What you return must be every line below that includes the word "theta".

* * * * *

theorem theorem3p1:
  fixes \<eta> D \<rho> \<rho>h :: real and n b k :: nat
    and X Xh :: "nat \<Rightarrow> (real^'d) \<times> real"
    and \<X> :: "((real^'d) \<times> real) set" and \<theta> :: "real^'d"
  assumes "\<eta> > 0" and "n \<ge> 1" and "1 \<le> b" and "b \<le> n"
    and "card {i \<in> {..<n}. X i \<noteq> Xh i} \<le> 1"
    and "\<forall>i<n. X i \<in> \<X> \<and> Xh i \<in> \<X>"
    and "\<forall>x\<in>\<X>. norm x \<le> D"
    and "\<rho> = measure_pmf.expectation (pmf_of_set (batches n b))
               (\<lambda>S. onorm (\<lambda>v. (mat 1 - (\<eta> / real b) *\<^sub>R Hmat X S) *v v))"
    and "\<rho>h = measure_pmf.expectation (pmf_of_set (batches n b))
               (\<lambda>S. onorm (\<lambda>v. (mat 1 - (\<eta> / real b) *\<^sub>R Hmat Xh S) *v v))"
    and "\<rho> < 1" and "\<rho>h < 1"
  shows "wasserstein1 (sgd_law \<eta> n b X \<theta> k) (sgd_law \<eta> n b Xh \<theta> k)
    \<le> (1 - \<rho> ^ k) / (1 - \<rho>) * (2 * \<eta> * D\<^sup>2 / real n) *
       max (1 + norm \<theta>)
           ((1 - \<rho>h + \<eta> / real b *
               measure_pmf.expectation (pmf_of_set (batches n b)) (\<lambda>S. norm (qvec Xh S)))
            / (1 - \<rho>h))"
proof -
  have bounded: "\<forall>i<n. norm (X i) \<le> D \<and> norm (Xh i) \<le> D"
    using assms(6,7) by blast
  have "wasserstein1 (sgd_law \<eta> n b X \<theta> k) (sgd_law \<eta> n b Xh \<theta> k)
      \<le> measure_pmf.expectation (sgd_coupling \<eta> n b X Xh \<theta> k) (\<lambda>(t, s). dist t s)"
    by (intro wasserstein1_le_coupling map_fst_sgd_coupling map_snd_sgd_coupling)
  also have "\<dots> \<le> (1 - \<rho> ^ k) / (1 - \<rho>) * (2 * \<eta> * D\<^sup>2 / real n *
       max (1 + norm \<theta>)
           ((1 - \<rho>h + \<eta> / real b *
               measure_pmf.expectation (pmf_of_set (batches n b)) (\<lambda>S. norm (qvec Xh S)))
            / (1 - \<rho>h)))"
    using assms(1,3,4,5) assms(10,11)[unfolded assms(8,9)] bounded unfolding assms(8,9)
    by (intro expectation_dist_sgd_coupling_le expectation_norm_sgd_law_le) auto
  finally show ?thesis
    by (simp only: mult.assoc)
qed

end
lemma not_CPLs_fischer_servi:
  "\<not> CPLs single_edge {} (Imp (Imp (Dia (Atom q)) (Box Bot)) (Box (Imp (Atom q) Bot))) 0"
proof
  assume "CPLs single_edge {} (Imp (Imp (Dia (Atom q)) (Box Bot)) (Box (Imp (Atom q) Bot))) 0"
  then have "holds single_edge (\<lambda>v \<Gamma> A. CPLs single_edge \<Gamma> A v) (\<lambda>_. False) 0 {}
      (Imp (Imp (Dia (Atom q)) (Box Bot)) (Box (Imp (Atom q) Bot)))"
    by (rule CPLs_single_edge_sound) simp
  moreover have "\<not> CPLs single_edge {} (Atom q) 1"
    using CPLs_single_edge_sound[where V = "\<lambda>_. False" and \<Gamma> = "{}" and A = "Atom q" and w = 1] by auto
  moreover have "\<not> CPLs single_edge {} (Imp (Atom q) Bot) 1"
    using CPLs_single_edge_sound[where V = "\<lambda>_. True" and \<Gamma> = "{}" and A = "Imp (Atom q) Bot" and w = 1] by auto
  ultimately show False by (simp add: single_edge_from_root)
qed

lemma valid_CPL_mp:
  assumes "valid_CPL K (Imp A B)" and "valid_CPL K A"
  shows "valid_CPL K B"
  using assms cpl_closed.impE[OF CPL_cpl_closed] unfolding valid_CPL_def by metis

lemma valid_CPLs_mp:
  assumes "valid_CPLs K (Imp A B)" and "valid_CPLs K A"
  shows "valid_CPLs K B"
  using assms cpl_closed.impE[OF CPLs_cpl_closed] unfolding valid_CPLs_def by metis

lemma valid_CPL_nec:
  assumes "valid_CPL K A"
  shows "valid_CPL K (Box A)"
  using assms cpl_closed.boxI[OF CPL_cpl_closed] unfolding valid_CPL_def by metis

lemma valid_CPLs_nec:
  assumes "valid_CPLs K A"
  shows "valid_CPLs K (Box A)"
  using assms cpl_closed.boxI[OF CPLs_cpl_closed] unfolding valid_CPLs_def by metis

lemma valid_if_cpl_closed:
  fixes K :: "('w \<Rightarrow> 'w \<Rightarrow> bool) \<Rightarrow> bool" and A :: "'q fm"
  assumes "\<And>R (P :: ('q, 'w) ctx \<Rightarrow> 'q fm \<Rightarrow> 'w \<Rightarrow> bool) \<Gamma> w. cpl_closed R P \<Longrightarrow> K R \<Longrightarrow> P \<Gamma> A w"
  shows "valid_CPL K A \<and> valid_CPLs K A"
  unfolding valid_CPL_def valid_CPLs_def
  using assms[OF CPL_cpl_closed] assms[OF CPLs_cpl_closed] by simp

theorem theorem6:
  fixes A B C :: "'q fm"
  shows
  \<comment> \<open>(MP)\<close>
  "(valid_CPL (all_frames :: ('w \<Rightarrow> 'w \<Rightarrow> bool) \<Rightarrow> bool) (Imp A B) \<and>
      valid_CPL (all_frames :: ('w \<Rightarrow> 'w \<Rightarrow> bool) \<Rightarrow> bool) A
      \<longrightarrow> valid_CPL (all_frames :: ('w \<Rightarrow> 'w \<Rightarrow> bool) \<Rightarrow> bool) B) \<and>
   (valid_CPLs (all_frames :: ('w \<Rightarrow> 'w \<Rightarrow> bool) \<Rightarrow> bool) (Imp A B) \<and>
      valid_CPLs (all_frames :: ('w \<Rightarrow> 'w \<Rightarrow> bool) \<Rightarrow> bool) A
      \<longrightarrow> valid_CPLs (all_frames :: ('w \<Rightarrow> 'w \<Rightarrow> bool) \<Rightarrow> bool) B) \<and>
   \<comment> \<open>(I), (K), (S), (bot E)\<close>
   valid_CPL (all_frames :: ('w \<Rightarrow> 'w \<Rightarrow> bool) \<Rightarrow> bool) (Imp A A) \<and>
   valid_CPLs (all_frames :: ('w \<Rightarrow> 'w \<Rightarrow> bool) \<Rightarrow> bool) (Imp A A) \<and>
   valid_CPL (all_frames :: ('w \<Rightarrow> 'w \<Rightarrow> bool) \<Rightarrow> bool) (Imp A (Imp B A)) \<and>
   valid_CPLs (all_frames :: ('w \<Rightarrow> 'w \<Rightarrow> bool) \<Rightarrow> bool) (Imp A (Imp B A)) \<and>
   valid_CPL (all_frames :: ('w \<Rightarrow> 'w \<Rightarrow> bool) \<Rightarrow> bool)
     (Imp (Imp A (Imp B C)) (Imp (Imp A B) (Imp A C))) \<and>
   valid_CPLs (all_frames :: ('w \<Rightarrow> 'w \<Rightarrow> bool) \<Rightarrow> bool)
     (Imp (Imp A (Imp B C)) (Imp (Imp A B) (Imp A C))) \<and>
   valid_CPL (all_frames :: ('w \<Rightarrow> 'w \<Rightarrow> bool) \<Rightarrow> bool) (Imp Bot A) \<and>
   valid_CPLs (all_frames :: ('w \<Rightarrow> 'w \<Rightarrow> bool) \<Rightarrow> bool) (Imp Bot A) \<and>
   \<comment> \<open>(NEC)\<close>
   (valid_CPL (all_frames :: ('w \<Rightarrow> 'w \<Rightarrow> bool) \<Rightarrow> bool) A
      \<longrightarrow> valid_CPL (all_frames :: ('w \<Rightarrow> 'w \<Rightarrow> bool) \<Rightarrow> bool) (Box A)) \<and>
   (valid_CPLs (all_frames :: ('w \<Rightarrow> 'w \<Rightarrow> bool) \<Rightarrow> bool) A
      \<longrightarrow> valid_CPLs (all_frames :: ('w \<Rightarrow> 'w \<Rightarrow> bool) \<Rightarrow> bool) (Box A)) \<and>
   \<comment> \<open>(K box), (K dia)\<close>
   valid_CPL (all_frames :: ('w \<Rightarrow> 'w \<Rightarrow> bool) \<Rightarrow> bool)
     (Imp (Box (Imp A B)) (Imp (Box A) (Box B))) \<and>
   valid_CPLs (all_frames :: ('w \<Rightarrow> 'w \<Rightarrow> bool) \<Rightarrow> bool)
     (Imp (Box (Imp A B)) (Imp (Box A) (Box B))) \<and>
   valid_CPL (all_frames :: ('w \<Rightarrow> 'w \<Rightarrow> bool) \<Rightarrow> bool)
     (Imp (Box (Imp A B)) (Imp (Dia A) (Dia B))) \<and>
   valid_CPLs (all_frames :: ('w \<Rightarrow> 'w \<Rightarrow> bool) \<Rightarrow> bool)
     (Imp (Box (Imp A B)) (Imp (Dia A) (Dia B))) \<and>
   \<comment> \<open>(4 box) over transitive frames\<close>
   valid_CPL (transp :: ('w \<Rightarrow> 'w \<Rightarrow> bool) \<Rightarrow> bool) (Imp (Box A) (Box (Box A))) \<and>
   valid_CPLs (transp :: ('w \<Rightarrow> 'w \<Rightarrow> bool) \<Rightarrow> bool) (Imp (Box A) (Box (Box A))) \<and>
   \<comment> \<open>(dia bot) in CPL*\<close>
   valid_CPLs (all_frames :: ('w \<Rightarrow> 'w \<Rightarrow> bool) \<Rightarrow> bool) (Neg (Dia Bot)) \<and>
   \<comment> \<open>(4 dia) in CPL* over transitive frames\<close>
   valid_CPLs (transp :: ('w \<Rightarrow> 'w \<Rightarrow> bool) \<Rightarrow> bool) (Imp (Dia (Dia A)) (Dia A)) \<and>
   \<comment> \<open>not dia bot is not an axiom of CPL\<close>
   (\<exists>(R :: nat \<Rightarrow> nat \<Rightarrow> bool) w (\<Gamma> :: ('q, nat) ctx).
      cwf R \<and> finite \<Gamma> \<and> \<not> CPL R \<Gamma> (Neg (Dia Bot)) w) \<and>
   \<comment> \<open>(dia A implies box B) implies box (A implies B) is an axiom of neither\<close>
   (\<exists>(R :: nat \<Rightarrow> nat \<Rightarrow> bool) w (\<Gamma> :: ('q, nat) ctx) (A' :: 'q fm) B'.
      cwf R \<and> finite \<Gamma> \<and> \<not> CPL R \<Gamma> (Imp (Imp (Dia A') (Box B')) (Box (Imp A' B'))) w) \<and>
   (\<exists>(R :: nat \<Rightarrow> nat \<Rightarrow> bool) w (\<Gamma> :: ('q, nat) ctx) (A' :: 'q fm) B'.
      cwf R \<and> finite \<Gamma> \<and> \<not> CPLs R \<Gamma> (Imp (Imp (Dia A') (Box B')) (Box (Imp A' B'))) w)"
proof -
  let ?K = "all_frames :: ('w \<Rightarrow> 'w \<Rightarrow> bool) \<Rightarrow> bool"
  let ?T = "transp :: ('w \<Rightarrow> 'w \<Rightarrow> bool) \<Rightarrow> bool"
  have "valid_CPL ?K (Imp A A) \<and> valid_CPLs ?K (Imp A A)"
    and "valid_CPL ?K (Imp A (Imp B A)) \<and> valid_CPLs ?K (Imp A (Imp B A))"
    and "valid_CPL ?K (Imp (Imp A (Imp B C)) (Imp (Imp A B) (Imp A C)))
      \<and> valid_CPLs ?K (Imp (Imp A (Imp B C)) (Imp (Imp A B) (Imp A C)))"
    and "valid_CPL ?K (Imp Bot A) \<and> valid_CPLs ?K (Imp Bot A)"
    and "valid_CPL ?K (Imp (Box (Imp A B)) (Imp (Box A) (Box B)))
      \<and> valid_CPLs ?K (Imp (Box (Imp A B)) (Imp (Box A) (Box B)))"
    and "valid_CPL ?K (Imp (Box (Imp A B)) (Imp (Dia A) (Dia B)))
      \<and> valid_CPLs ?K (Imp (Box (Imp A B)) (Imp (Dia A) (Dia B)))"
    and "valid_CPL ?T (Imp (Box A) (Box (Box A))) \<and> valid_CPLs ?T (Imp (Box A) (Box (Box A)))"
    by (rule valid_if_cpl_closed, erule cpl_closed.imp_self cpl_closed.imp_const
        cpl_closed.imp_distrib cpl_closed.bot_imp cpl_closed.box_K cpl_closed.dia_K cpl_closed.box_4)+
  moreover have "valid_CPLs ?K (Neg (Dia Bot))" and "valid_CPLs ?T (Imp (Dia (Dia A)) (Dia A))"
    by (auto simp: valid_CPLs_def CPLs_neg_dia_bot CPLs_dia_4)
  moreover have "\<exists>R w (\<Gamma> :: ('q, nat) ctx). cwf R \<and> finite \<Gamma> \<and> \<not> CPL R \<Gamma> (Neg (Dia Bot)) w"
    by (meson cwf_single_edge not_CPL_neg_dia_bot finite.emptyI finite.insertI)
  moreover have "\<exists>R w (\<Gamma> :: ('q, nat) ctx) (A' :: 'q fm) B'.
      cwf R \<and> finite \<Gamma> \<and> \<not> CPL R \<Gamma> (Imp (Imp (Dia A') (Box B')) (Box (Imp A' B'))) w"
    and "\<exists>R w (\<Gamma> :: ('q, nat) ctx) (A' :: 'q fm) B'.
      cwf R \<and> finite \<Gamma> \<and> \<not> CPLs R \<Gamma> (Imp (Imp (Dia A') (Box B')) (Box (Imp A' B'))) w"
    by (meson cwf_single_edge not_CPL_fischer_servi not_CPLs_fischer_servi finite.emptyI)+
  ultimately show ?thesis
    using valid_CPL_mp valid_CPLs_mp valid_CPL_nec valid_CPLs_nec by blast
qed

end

* * * * *

• **TASK RESULT**
    and \<X> :: "((real^'d) \<times> real) set" and \<theta> :: "real^'d"
  shows "wasserstein1 (sgd_law \<eta> n b X \<theta> k) (sgd_law \<eta> n b Xh \<theta> k)
       max (1 + norm \<theta>)
  have "wasserstein1 (sgd_law \<eta> n b X \<theta> k) (sgd_law \<eta> n b Xh \<theta> k)
      \<le> measure_pmf.expectation (sgd_coupling \<eta> n b X Xh \<theta> k) (\<lambda>(t, s). dist t s)"
       max (1 + norm \<theta>)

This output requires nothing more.